(* Let $\alpha>-1$, let $n$ be a positive integer, $\lambda=e^{2\pi i/n}$, $\phi(z)=\lambda z$, and $\psi(z)=\sum_{k=0}^\infty\hat\psi_kz^k$ analytic on $\mathbb{D}$ with $C_{\psi,\phi}$ bounded on $L^2_a(dA_\alpha)$. Suppose $\hat\psi_{np+j}\ne0$ for some integers $p\ge0$ and $0<j<n$. Then $W(C_{\psi,\phi})$ contains the closed elliptical region with foci $\hat\psi_0$ and $\lambda^{np+j}\hat\psi_0$, whose major axis has length $\sqrt{|\hat\psi_0|^2|1-e^{2\pi ij/n}|^2+\frac{(np+j)!\,\Gamma(\alpha+2)}{\Gamma(np+j+\alpha+2)}|\hat\psi_{np+j}|^2}$ and whose minor axis has length $\sqrt{\frac{(np+j)!\,\Gamma(\alpha+2)}{\Gamma(np+j+\alpha+2)}}\,|\hat\psi_{np+j}|$.
   Context: $\mathbb{D}$ is the open unit disc. $L^2_a(dA_\alpha)$ is the weighted Bergman space of analytic $f$ on $\mathbb{D}$ with $\int_{\mathbb{D}}|f|^2dA_\alpha<\infty$, $dA_{\alpha}(z)=(\alpha+1)(1-|z|^2)^{\alpha}dA(z)$, $dA$ normalized area measure. $C_{\psi,\phi}f=\psi\cdot(f\circ\phi)$. $W(T)=\{\langle Tf,f\rangle:\|f\|=1\}$. *)

theory Defs
  imports "HOL-Complex_Analysis.Complex_Analysis"
begin

definition dA :: "real \<Rightarrow> complex measure" where
  "dA \<alpha> = density lborel
     (\<lambda>z. indicator (ball 0 1) z *
        ennreal ((\<alpha> + 1) / pi * (1 - (cmod z)\<^sup>2) powr \<alpha>))"

definition bergman :: "real \<Rightarrow> (complex \<Rightarrow> complex) set" where
  "bergman \<alpha> = {f. f holomorphic_on ball 0 1 \<and>
      (\<integral>\<^sup>+ z. ennreal ((cmod (f z))\<^sup>2) \<partial>dA \<alpha>) < \<infinity>}"

definition berg_inner :: "real \<Rightarrow> (complex \<Rightarrow> complex) \<Rightarrow> (complex \<Rightarrow> complex) \<Rightarrow> complex" where
  "berg_inner \<alpha> f g = (\<integral> z. f z * cnj (g z) \<partial>dA \<alpha>)"

definition berg_norm :: "real \<Rightarrow> (complex \<Rightarrow> complex) \<Rightarrow> real" where
  "berg_norm \<alpha> f = sqrt (\<integral> z. (cmod (f z))\<^sup>2 \<partial>dA \<alpha>)"

definition wcomp :: "(complex \<Rightarrow> complex) \<Rightarrow> (complex \<Rightarrow> complex) \<Rightarrow> (complex \<Rightarrow> complex) \<Rightarrow> (complex \<Rightarrow> complex)" where
  "wcomp \<psi> \<phi> f = (\<lambda>z. \<psi> z * f (\<phi> z))"

definition bounded_on_bergman :: "real \<Rightarrow> ((complex \<Rightarrow> complex) \<Rightarrow> (complex \<Rightarrow> complex)) \<Rightarrow> bool" where
  "bounded_on_bergman \<alpha> T \<longleftrightarrow>
     (\<forall>f\<in>bergman \<alpha>. T f \<in> bergman \<alpha>) \<and>
     (\<exists>M. \<forall>f\<in>bergman \<alpha>. berg_norm \<alpha> (T f) \<le> M * berg_norm \<alpha> f)"

definition num_range :: "real \<Rightarrow> ((complex \<Rightarrow> complex) \<Rightarrow> (complex \<Rightarrow> complex)) \<Rightarrow> complex set" where
  "num_range \<alpha> T = {berg_inner \<alpha> (T f) f | f. f \<in> bergman \<alpha> \<and> berg_norm \<alpha> f = 1}"

definition taylor_coeff :: "(complex \<Rightarrow> complex) \<Rightarrow> nat \<Rightarrow> complex" where
  "taylor_coeff \<psi> k = (deriv ^^ k) \<psi> 0 / fact k"

definition ellipse_region :: "complex \<Rightarrow> complex \<Rightarrow> real \<Rightarrow> complex set" where
  "ellipse_region a b L = {w. cmod (w - a) + cmod (w - b) \<le> L}"

definition ellipse_minor_axis :: "complex \<Rightarrow> complex \<Rightarrow> real \<Rightarrow> real" where
  "ellipse_minor_axis a b L = sqrt (L\<^sup>2 - (cmod (a - b))\<^sup>2)"

end

theory Submission
  imports Defs
begin

(* Test the operator on the functions f = x + y z^N.  Because dA_alpha is rotation invariant, an integral of
   psi(z) conj(z)^m |z|^(2k) can first be averaged over circles, where Cauchy's formula picks out the
   Taylor coefficient psi_m; what remains is a radial Beta integral, the moment c_(m+k) = ||z^(m+k)||^2.
   Hence ||f||^2 = |x|^2 + c_N |y|^2 and
     <C f, f> = |x|^2 a + c_N x conj(y) psi_N + c_N |y|^2 b,   a = psi(0), b = lambda^N psi(0).
   With Y = sqrt(c_N) y these are the values <T v, v>, |v| = 1, of the 2x2 matrix
   T = [[a, sqrt(c_N) psi_N], [0, b]], which fill the ellipse with foci a, b and minor axis
   sqrt(c_N) |psi_N| (elliptical range theorem).  Rotation invariance of Lebesgue measure on C comes
   from writing a rotation as a product of three shears. *)

section \<open>Rotation invariance of Lebesgue measure on \<complex>\<close>

lemma lborel_complex_eq_distr_pair:
  "distr (lborel \<Otimes>\<^sub>M lborel) borel (\<lambda>(x, y). Complex x y) = (lborel :: complex measure)"
proof (rule lborel_eqI[symmetric])
  have m: "(\<lambda>(x, y). Complex x y) \<in> borel_measurable (lborel \<Otimes>\<^sub>M (lborel :: real measure))"
    by (simp add: Complex_eq case_prod_beta)
  fix l u :: complex
  assume le: "\<And>b. b \<in> Basis \<Longrightarrow> l \<bullet> b \<le> u \<bullet> b"
  then have "Re l \<le> Re u" "Im l \<le> Im u"
    using le[of 1] le[of \<i>] by (auto simp: Basis_complex_def)
  moreover have "(\<lambda>(x, y). Complex x y) -` box l u \<inter> space (lborel \<Otimes>\<^sub>M lborel)
      = {Re l<..<Re u} \<times> {Im l<..<Im u}"
    by (auto simp: box_def Basis_complex_def space_pair_measure inner_complex_def)
  ultimately show "emeasure (distr (lborel \<Otimes>\<^sub>M lborel) borel (\<lambda>(x, y). Complex x y)) (box l u)
      = (\<Prod>b\<in>Basis. (u - l) \<bullet> b)"
    by (simp add: emeasure_distr[OF m] lborel.emeasure_pair_measure_Times
        Basis_complex_def inner_complex_def ennreal_mult)
qed simp

lemma nn_integral_lborel_complex:
  fixes f :: "complex \<Rightarrow> ennreal"
  assumes [measurable]: "f \<in> borel_measurable borel"
  shows "(\<integral>\<^sup>+ z. f z \<partial>lborel) = (\<integral>\<^sup>+ x. \<integral>\<^sup>+ y. f (Complex x y) \<partial>lborel \<partial>lborel)"
    and "(\<integral>\<^sup>+ z. f z \<partial>lborel) = (\<integral>\<^sup>+ y. \<integral>\<^sup>+ x. f (Complex x y) \<partial>lborel \<partial>lborel)"
proof -
  have m: "(\<lambda>(x, y). Complex x y) \<in> measurable (lborel \<Otimes>\<^sub>M (lborel :: real measure)) borel"
    by (simp add: Complex_eq case_prod_beta)
  have mf: "(\<lambda>w. f (Complex (fst w) (snd w))) \<in> borel_measurable (lborel \<Otimes>\<^sub>M lborel)"
    by (simp add: Complex_eq)
  have pair: "(\<integral>\<^sup>+ z. f z \<partial>lborel) = (\<integral>\<^sup>+ w. f (Complex (fst w) (snd w)) \<partial>(lborel \<Otimes>\<^sub>M lborel))"
    by (subst lborel_complex_eq_distr_pair[symmetric], subst nn_integral_distr[OF m])
      (simp_all add: case_prod_beta)
  show "(\<integral>\<^sup>+ z. f z \<partial>lborel) = (\<integral>\<^sup>+ x. \<integral>\<^sup>+ y. f (Complex x y) \<partial>lborel \<partial>lborel)"
    using pair lborel.nn_integral_fst[OF mf] by simp
  show "(\<integral>\<^sup>+ z. f z \<partial>lborel) = (\<integral>\<^sup>+ y. \<integral>\<^sup>+ x. f (Complex x y) \<partial>lborel \<partial>lborel)"
    using pair lborel_pair.nn_integral_snd[OF mf] by simp
qed

lemma nn_integral_lborel_shear_Re:
  fixes f :: "complex \<Rightarrow> ennreal"
  assumes [measurable]: "f \<in> borel_measurable borel"
  shows "(\<integral>\<^sup>+ z. f (z + of_real (a * Im z)) \<partial>lborel) = (\<integral>\<^sup>+ z. f z \<partial>lborel)"
proof -
  have "(\<integral>\<^sup>+ z. f (z + of_real (a * Im z)) \<partial>lborel)
      = (\<integral>\<^sup>+ y. \<integral>\<^sup>+ x. f (Complex (x + a * y) y) \<partial>lborel \<partial>lborel)"
    by (subst nn_integral_lborel_complex(2)) (simp_all add: Complex_eq algebra_simps)
  also have "\<dots> = (\<integral>\<^sup>+ y. \<integral>\<^sup>+ x. f (Complex x y) \<partial>lborel \<partial>lborel)"
  proof (rule nn_integral_cong)
    fix y
    show "(\<integral>\<^sup>+ x. f (Complex (x + a * y) y) \<partial>lborel) = (\<integral>\<^sup>+ x. f (Complex x y) \<partial>lborel)"
      using nn_integral_real_affine[of "\<lambda>x. f (Complex x y)" 1 "a * y"]
      by (simp add: add.commute Complex_eq)
  qed
  finally show ?thesis
    by (simp add: nn_integral_lborel_complex(2))
qed

lemma nn_integral_lborel_shear_Im:
  fixes f :: "complex \<Rightarrow> ennreal"
  assumes [measurable]: "f \<in> borel_measurable borel"
  shows "(\<integral>\<^sup>+ z. f (z + \<i> * of_real (b * Re z)) \<partial>lborel) = (\<integral>\<^sup>+ z. f z \<partial>lborel)"
proof -
  have "(\<integral>\<^sup>+ z. f (z + \<i> * of_real (b * Re z)) \<partial>lborel)
      = (\<integral>\<^sup>+ x. \<integral>\<^sup>+ y. f (Complex x (y + b * x)) \<partial>lborel \<partial>lborel)"
    by (subst nn_integral_lborel_complex(1)) (simp_all add: Complex_eq algebra_simps)
  also have "\<dots> = (\<integral>\<^sup>+ x. \<integral>\<^sup>+ y. f (Complex x y) \<partial>lborel \<partial>lborel)"
  proof (rule nn_integral_cong)
    fix x
    show "(\<integral>\<^sup>+ y. f (Complex x (y + b * x)) \<partial>lborel) = (\<integral>\<^sup>+ y. f (Complex x y) \<partial>lborel)"
      using nn_integral_real_affine[of "\<lambda>y. f (Complex x y)" 1 "b * x"]
      by (simp add: add.commute Complex_eq)
  qed
  finally show ?thesis
    by (simp add: nn_integral_lborel_complex(1))
qed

====

Aim of the exercise: Only these lines should appear in the reply: the one containing "by (subst nn_integral_lborel_complex(1))", the last line of the data, and all lines between them, each copied exactly.

Finished task:
    by (subst nn_integral_lborel_complex(1)) (simp_all add: Complex_eq algebra_simps)
  also have "\<dots> = (\<integral>\<^sup>+ x. \<integral>\<^sup>+ y. f (Complex x y) \<partial>lborel \<partial>lborel)"
  proof (rule nn_integral_cong)
    fix x
    show "(\<integral>\<^sup>+ y. f (Complex x (y + b * x)) \<partial>lborel) = (\<integral>\<^sup>+ y. f (Complex x y) \<partial>lborel)"
      using nn_integral_real_affine[of "\<lambda>y. f (Complex x y)" 1 "b * x"]
      by (simp add: add.commute Complex_eq)
  qed
  finally show ?thesis
    by (simp add: nn_integral_lborel_complex(1))
qed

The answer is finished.